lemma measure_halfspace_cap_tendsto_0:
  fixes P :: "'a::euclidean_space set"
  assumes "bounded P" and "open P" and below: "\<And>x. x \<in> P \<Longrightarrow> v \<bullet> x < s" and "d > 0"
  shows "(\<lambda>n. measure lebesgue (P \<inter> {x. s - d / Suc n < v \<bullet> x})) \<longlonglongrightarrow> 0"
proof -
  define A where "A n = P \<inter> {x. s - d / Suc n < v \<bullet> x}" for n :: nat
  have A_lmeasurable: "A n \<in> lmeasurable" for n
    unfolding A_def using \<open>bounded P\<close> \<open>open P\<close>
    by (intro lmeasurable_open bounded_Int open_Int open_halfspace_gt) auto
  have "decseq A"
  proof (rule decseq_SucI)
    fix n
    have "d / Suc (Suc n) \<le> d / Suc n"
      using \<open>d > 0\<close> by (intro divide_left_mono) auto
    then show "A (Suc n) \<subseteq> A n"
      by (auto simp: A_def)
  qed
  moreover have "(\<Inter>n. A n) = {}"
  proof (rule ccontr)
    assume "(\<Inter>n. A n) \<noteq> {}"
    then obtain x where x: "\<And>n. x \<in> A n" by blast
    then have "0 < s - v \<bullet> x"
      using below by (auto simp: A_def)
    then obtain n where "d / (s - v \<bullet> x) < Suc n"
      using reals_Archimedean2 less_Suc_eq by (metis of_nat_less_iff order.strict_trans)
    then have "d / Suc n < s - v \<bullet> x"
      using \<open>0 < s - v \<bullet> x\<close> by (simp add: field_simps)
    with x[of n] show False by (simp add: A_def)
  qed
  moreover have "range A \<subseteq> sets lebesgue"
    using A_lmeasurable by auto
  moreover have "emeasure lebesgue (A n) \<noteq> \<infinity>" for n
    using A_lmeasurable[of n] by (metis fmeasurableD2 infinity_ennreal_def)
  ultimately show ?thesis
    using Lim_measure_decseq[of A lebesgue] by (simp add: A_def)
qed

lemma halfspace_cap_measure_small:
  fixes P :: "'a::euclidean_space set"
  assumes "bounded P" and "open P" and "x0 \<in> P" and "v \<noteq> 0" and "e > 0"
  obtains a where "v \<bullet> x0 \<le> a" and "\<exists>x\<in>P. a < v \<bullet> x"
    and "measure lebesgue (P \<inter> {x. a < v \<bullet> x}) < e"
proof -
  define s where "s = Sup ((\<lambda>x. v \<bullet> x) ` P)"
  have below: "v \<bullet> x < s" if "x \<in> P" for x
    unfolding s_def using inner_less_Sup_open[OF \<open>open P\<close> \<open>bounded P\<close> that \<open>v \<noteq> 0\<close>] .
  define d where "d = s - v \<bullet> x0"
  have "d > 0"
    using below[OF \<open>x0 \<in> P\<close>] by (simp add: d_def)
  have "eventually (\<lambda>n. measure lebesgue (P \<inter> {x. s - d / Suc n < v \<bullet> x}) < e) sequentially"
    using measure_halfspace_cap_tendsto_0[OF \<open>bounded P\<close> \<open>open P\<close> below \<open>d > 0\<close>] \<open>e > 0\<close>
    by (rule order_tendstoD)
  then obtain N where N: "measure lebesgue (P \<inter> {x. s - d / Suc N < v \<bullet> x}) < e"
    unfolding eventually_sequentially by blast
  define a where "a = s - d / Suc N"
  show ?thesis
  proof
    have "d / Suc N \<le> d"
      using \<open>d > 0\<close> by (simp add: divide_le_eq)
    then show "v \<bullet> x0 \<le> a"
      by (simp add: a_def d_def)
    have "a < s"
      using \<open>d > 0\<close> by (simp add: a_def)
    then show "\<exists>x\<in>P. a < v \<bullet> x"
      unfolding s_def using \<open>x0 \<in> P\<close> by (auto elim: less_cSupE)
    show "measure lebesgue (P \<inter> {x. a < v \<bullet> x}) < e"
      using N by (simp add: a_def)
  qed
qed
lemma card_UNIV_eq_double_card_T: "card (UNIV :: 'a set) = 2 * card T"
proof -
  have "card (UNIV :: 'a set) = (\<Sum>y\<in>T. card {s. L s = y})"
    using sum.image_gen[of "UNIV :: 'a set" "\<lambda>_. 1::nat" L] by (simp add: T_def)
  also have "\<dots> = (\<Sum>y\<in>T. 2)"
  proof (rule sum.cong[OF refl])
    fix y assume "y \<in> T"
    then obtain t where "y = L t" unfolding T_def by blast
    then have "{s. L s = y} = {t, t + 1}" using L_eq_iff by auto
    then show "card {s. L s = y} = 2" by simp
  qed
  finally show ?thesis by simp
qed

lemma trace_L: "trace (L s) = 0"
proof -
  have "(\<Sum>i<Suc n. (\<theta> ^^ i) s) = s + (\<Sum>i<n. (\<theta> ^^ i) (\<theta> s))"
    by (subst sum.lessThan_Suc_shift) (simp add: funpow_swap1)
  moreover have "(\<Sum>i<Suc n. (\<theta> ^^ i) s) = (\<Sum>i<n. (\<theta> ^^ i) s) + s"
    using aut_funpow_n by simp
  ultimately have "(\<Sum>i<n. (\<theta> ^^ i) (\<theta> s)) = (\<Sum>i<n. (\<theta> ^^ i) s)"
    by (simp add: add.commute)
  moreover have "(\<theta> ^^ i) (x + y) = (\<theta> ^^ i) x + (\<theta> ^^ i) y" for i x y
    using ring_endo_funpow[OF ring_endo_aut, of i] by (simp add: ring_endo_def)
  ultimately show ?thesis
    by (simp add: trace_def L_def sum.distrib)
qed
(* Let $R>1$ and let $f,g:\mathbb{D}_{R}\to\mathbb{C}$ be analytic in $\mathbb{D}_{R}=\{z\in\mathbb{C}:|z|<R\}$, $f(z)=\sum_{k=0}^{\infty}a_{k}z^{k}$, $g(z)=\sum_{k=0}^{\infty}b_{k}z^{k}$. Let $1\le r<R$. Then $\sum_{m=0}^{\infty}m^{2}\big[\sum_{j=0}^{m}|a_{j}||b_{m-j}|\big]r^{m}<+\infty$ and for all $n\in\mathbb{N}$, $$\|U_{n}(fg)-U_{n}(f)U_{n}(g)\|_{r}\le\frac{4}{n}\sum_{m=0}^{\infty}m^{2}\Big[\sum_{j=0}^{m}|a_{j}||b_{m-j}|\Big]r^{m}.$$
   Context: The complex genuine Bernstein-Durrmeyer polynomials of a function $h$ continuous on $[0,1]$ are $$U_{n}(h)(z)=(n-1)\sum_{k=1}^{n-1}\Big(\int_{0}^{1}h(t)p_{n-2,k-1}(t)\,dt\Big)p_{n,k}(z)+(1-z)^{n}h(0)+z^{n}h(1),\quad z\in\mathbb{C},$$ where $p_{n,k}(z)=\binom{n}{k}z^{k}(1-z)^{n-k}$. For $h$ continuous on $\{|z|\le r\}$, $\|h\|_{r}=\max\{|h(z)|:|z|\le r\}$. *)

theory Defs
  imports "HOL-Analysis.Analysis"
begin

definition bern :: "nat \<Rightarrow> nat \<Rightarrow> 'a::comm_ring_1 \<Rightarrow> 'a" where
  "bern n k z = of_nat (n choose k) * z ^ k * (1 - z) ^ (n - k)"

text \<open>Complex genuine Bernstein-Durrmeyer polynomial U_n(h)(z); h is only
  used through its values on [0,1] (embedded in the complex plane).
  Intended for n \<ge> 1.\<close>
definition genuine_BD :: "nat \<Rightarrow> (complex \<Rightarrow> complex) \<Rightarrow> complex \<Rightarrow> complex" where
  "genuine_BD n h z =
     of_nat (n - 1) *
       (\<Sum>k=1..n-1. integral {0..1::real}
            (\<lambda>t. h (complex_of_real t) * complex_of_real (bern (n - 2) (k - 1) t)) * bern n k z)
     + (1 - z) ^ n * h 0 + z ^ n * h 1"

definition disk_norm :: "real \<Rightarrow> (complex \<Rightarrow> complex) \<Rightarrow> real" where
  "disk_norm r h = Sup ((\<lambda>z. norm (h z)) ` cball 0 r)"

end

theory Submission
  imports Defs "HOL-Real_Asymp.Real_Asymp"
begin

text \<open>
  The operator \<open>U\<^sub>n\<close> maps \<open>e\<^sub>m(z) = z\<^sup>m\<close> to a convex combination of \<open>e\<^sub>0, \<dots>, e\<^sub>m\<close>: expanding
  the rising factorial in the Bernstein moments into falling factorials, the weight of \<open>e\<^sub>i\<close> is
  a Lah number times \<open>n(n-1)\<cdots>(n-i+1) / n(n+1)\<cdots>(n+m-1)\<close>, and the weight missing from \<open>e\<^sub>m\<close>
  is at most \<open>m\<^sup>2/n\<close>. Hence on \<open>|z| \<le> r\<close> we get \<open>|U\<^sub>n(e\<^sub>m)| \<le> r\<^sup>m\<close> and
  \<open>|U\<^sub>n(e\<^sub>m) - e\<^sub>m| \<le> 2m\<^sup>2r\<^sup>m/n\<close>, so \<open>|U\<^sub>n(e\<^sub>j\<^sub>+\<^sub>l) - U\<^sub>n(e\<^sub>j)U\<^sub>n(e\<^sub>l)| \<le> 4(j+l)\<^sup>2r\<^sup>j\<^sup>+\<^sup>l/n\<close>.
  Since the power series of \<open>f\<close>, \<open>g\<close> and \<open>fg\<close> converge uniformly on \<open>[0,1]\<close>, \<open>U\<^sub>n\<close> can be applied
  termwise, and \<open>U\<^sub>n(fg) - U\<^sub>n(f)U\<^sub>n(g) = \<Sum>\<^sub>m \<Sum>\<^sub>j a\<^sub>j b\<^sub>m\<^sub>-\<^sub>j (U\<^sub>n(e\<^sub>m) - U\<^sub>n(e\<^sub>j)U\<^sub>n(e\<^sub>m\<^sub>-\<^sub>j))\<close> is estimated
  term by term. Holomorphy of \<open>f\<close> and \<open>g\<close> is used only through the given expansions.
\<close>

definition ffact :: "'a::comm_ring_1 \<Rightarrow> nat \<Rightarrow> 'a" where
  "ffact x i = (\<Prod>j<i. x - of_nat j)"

◆ WORK ORDER ◆
Set every line down again exactly. Begin with the first line of the entries and finish with the line containing "using below by (auto simp: A_def)".

◆ SOLUTION FOR THIS PROBLEM ◆
lemma measure_halfspace_cap_tendsto_0:
  fixes P :: "'a::euclidean_space set"
  assumes "bounded P" and "open P" and below: "\<And>x. x \<in> P \<Longrightarrow> v \<bullet> x < s" and "d > 0"
  shows "(\<lambda>n. measure lebesgue (P \<inter> {x. s - d / Suc n < v \<bullet> x})) \<longlonglongrightarrow> 0"
proof -
  define A where "A n = P \<inter> {x. s - d / Suc n < v \<bullet> x}" for n :: nat
  have A_lmeasurable: "A n \<in> lmeasurable" for n
    unfolding A_def using \<open>bounded P\<close> \<open>open P\<close>
    by (intro lmeasurable_open bounded_Int open_Int open_halfspace_gt) auto
  have "decseq A"
  proof (rule decseq_SucI)
    fix n
    have "d / Suc (Suc n) \<le> d / Suc n"
      using \<open>d > 0\<close> by (intro divide_left_mono) auto
    then show "A (Suc n) \<subseteq> A n"
      by (auto simp: A_def)
  qed
  moreover have "(\<Inter>n. A n) = {}"
  proof (rule ccontr)
    assume "(\<Inter>n. A n) \<noteq> {}"
    then obtain x where x: "\<And>n. x \<in> A n" by blast
    then have "0 < s - v \<bullet> x"
      using below by (auto simp: A_def)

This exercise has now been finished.